Reviews
"Not everyone who visits Africa gets there in spirit. Bad Africa books abound, the detritus of ill-conceived travel. After reading this sharp-eyed, deeply felt, and clearly thought account of a safari to Zambia’s Luangwa River valley, I can see that not only did Jim Kilgo get to Africa; he was preparing to go all along. In Africa, he confronts in vivid, searching prose the tragic relation between man and nature embodied in the hunt and the many paradoxes of self and culture hunting reveals to us. He has a keen eye for the beauty of wildlife and landscape and a great appetite for the pleasures of being afield. Colors of Africa is not only a fine Africa book, it is a key to Jim Kilgo’s art and life. He has taken the skills honed on his home landscape in fiction and nonfiction and tested them in the revealing light of Africa, where what is universal in his voice comes through loud and clear."

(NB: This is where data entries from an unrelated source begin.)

lemma repr3_relabel:
  assumes "repr3 X Y E f1 f2 f3" and "strict_mono h1" "strict_mono h2" "strict_mono h3"
    and "\<forall>z\<in>X \<union> Y. g1 z = h1 (f1 z) \<and> g2 z = h2 (f2 z) \<and> g3 z = h3 (f3 z)"
  shows "repr3 X Y E g1 g2 g3"
proof -
  interpret repr3 X Y E f1 f2 f3 by (rule assms(1))
  have inj: "inj_on g (X \<union> Y)" if "inj_on f (X \<union> Y)" "strict_mono h" "\<forall>z\<in>X \<union> Y. g z = h (f z)"
    for f g and h :: "int \<Rightarrow> int"
    using that strict_mono_eq unfolding inj_on_def by metis
  have less: "(g1 a < g1 b \<longleftrightarrow> f1 a < f1 b) \<and> (g2 a < g2 b \<longleftrightarrow> f2 a < f2 b) \<and> (g3 a < g3 b \<longleftrightarrow> f3 a < f3 b)"
    if "a \<in> X \<union> Y" "b \<in> X \<union> Y" for a b
    using assms(2-5) that by (simp add: strict_mono_less)
  show ?thesis
  proof
    show "inj_on g1 (X \<union> Y)" "inj_on g2 (X \<union> Y)" "inj_on g3 (X \<union> Y)"
      using inj inj1 inj2 inj3 assms(2-5) by blast+
  next
    fix x y assume "x \<in> X" "y \<in> Y" "E x y"
    then show "g1 y < g1 x \<and> g2 y < g2 x \<and> g3 y < g3 x" using edge_below less by blast
  next
    fix u w assume "u \<in> X \<union> Y" "w \<in> X \<union> Y" "u \<noteq> w" "\<not> E u w"
    then show "g1 u < g1 w \<or> g2 u < g2 w \<or> g3 u < g3 w" using non_edge_incomparable less by blast
  next
    fix y w x assume "y \<in> Y" "w \<in> X \<union> Y" "w \<noteq> y" "\<not> E y w" "g1 w < g1 y" "g2 w < g2 y" "x \<in> X" "E y x"
    then show "g3 x < g3 w" using Y_neighbours_below_3[of y w x] less by blast
  next
    fix x w y assume "x \<in> X" "w \<in> X \<union> Y" "w \<noteq> x" "\<not> E x w" "g1 x < g1 w" "g3 x < g3 w" "y \<in> Y" "E x y"
    then show "g2 w < g2 y" using X_neighbours_above_2[of x w y] less by blast
  qed
qed

lemma repr3_insert:
  assumes "repr3 X Y E g1 g2 g3" and sym: "\<And>u w. E u w \<Longrightarrow> E w u" and "v \<notin> X \<union> Y"
    and new_inj: "\<And>z. z \<in> X \<union> Y \<Longrightarrow> g1 z \<noteq> g1 v \<and> g2 z \<noteq> g2 v \<and> g3 z \<noteq> g3 v"
    and new_edge: "\<And>y. y \<in> Y \<Longrightarrow> E v y \<Longrightarrow> g1 y < g1 v \<and> g2 y < g2 v \<and> g3 y < g3 v"
    and new_non_edge: "\<And>w. w \<in> X \<union> Y \<Longrightarrow> \<not> E v w \<Longrightarrow>
      (g1 v < g1 w \<or> g2 v < g2 w \<or> g3 v < g3 w) \<and> (g1 w < g1 v \<or> g2 w < g2 v \<or> g3 w < g3 v)"
    and new_Y_below: "\<And>y x. y \<in> Y \<Longrightarrow> \<not> E y v \<Longrightarrow> g1 v < g1 y \<Longrightarrow> g2 v < g2 y \<Longrightarrow>
      x \<in> X \<Longrightarrow> E y x \<Longrightarrow> g3 x < g3 v"
    and new_Y_neighbour: "\<And>y w. y \<in> Y \<Longrightarrow> E y v \<Longrightarrow> w \<in> X \<union> Y \<Longrightarrow> w \<noteq> y \<Longrightarrow> \<not> E y w \<Longrightarrow>
      g1 w < g1 y \<Longrightarrow> g2 w < g2 y \<Longrightarrow> g3 v < g3 w"
    and new_X_above: "\<And>w y. w \<in> X \<union> Y \<Longrightarrow> \<not> E v w \<Longrightarrow> g1 v < g1 w \<Longrightarrow> g3 v < g3 w \<Longrightarrow>
      y \<in> Y \<Longrightarrow> E v y \<Longrightarrow> g2 w < g2 y"
    and new_X_neighbour: "\<And>x y. x \<in> X \<Longrightarrow> \<not> E x v \<Longrightarrow> g1 x < g1 v \<Longrightarrow> g3 x < g3 v \<Longrightarrow>
      y \<in> Y \<Longrightarrow> E x y \<Longrightarrow> g2 v < g2 y"
  shows "repr3 (insert v X) Y E g1 g2 g3"
proof -
  interpret repr3 X Y E g1 g2 g3 by (rule assms(1))
  have V: "insert v X \<union> Y = insert v (X \<union> Y)" by simp
  show ?thesis
  proof
    show "inj_on g1 (insert v X \<union> Y)" "inj_on g2 (insert v X \<union> Y)" "inj_on g3 (insert v X \<union> Y)"
    proof -
      have "g1 v \<notin> g1 ` (X \<union> Y)" "g2 v \<notin> g2 ` (X \<union> Y)" "g3 v \<notin> g3 ` (X \<union> Y)"
        using new_inj by (metis imageE)+
      then show "inj_on g1 (insert v X \<union> Y)" "inj_on g2 (insert v X \<union> Y)" "inj_on g3 (insert v X \<union> Y)"
        unfolding V using inj1 inj2 inj3 \<open>v \<notin> X \<union> Y\<close> by (simp_all add: inj_on_insert)
    qed
  next
    fix x y assume "x \<in> insert v X" "y \<in> Y" "E x y"
    then show "g1 y < g1 x \<and> g2 y < g2 x \<and> g3 y < g3 x" using edge_below new_edge by blast
  next
    fix u w assume "u \<in> insert v X \<union> Y" "w \<in> insert v X \<union> Y" "u \<noteq> w" "\<not> E u w"
    then show "g1 u < g1 w \<or> g2 u < g2 w \<or> g3 u < g3 w"
      using non_edge_incomparable new_non_edge[of u] new_non_edge[of w] sym[of v u] by auto
  next
    fix y w x assume "y \<in> Y" "w \<in> insert v X \<union> Y" "w \<noteq> y" "\<not> E y w" "g1 w < g1 y" "g2 w < g2 y"
      "x \<in> insert v X" "E y x"
    then show "g3 x < g3 w"
      using Y_neighbours_below_3[of y w x] new_Y_below[of y x] new_Y_neighbour[of y w] by auto
  next
    fix x w y assume "x \<in> insert v X" "w \<in> insert v X \<union> Y" "w \<noteq> x" "\<not> E x w" "g1 x < g1 w"
      "g3 x < g3 w" "y \<in> Y" "E x y"
    then show "g2 w < g2 y"
      using X_neighbours_above_2[of x w y] new_X_above[of w y] new_X_neighbour[of x y] by auto
  qed
qed

locale vertex_insertion = induced_bipartite "insert v X" Y E
  for v :: 'a and X Y :: "'a set" and E :: "'a \<Rightarrow> 'a \<Rightarrow> bool" +
  assumes new_vertex: "v \<notin> X \<union> Y"
begin

lemma X_independent: "a \<in> insert v X \<Longrightarrow> b \<in> insert v X \<Longrightarrow> \<not> E a b"
  using edge_between disjoint by blast

lemma Y_independent: "a \<in> Y \<Longrightarrow> b \<in> Y \<Longrightarrow> \<not> E a b"
  using edge_between disjoint by blast

lemma repr3_insert_isolated:
  assumes repr: "repr3 X Y E f1 f2 f3" and isolated: "\<And>y. y \<in> Y \<Longrightarrow> \<not> E v y"
  shows "\<exists>g1 g2 g3. repr3 (insert v X) Y E g1 g2 g3"
proof -
  define S where "S = (\<lambda>z. \<bar>f1 z\<bar> + \<bar>f2 z\<bar> + \<bar>f3 z\<bar>) ` (X \<union> Y)"
  define B where "B = Max (insert 0 S) + 1"
  have "finite S" using finite_vertices unfolding S_def by simp
  have sum: "\<bar>f1 z\<bar> + \<bar>f2 z\<bar> + \<bar>f3 z\<bar> < B" if "z \<in> X \<union> Y" for z
  proof -
    have "\<bar>f1 z\<bar> + \<bar>f2 z\<bar> + \<bar>f3 z\<bar> \<le> Max (insert 0 S)"
      using \<open>finite S\<close> that unfolding S_def by (intro Max_ge) auto
    then show ?thesis unfolding B_def by simp
  qed
  have B: "- B < f1 z" "f2 z < B" "- B < f3 z" if "z \<in> X \<union> Y" for z
    using sum[OF that] by (smt (verit))+
  define g1 where "g1 = f1(v := - B)"
  define g2 where "g2 = f2(v := B)"
  define g3 where "g3 = f3(v := - B)"
  have gv: "g1 v = - B" "g2 v = B" "g3 v = - B" unfolding g1_def g2_def g3_def by simp_all
  have gz: "g1 z = f1 z" "g2 z = f2 z" "g3 z = f3 z" if "z \<in> X \<union> Y" for z
    using new_vertex that unfolding g1_def g2_def g3_def by auto
  have "repr3 X Y E g1 g2 g3" using repr3_relabel[OF repr strict_mono_id strict_mono_id strict_mono_id] gz by simp
  have "repr3 (insert v X) Y E g1 g2 g3"
  proof (rule repr3_insert[OF \<open>repr3 X Y E g1 g2 g3\<close> sym new_vertex])
    fix z assume "z \<in> X \<union> Y"
    then show "g1 z \<noteq> g1 v \<and> g2 z \<noteq> g2 v \<and> g3 z \<noteq> g3 v" using B[of z] gz[of z] gv by simp
  next
    fix w assume "w \<in> X \<union> Y"
    then show "(g1 v < g1 w \<or> g2 v < g2 w \<or> g3 v < g3 w) \<and> (g1 w < g1 v \<or> g2 w < g2 v \<or> g3 w < g3 v)"
      using B[of w] gz[of w] gv by simp
  next
    fix y x assume "y \<in> Y" "\<not> E y v" "g1 v < g1 y" "g2 v < g2 y" "x \<in> X" "E y x"
    then show "g3 x < g3 v" using B[of y] gz[of y] gv by simp
  next
    fix x y assume "x \<in> X" "\<not> E x v" "g1 x < g1 v" "g3 x < g3 v" "y \<in> Y" "E x y"
    then show "g2 v < g2 y" using B[of x] gz[of x] gv by simp
  qed (use isolated sym in blast)+
  then show ?thesis by blast
qed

—Christopher Camuto, author of Hunting from Home
Description
Kilgo barely knew the man who invited him to Africa. A further complication: the trip was a big-game safari, which conjured troubling images of privilege and excess. Yet he went, as an observer, for Africa had enthralled him since boyhood. Kilgo's recollections of his fellow travelers and the safari staff--their forays into the bush, visits to nearby villages, and long evening talks about nature, family, and faith--are all informed by a growing awareness of Africa's complexities and contradictions. As he reflects on the swirl of customs and beliefs all around him, as he and his traveling companions draw closer together, Kilgo measures what he has learned firsthand about Africa against his readings of those who came before him, including explorer and missionary David Livingstone, writers Ernest Hemingway and Isak Dinesen, and environmentalists Mark and Delia Owens.

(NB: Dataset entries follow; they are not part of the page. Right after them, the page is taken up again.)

text \<open>This follows from positivity on the Gram
  matrix of \<open>1, a\<close> with the vectors \<open>p, q\<close> and \<open>i p, q\<close>.\<close>
lemma ucp_adjoint: "cinner q (\<Phi> (cstar a) p) = cinner (\<Phi> a q) p"
proof -
  have real: "cinner p (\<Phi> a q) + cinner q (\<Phi> (cstar a) p) \<in> \<real>" for p q
  proof -
    define v :: "nat \<Rightarrow> 'h" where "v k = (if k = 0 then p else q)" for k
    define e :: "nat \<Rightarrow> 'a" where "e k = (if k = 0 then 1 else a)" for k
    have "(\<Sum>i<2. \<Sum>j<2. cinner (v i) (\<Phi> (cstar (e i) * e j) (v j)))
        = cinner p p + (cinner p (\<Phi> a q) + cinner q (\<Phi> (cstar a) p)) + cinner q (\<Phi> (cstar a * a) q)"
      by (simp add: numeral_2_eq_2 ucp_one v_def e_def)
    moreover have "(\<Sum>i<2. \<Sum>j<2. cinner (v i) (\<Phi> (cstar (e i) * e j) (v j))) \<in> \<real>"
      by (rule ucp_gram_positive)
    ultimately show ?thesis using cinner_self_real[of p] ucp_positive(1)[of q a]
      by (metis Reals_diff add_diff_cancel_left' add_diff_cancel_right')
  qed
  let ?p = "cinner p (\<Phi> a q)" and ?s = "cinner q (\<Phi> (cstar a) p)"
  have "- \<i> * ?p + \<i> * ?s \<in> \<real>"
    using real[of "scaleC \<i> p" q]
    by (simp add: cinner_scaleC_left cinner_scaleC_right bounded_op_scaleC[OF ucp_bounded])
  hence "?s = cnj ?p" using real[of p q] by (simp add: complex_is_Real_iff complex_eq_iff)
  thus ?thesis by (simp add: cinner_cnj)
qed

Kilgo thinks often about hunting: about the days-long initiatory rites of local native hunters; the motivations, beyond money, that can drive a poacher; the carnage the animals visit on each other nightly just outside the walls of the idyllic safari compound. Near the end of his stay, he is offered the chance to hunt a kudu, the great antelope of storied elusiveness. Pondering this unexpected opportunity, Kilgo wonders: Has he connected sufficiently with this remarkable place to justify his participation in the hunt? Is he ready and, above all, is he worthy?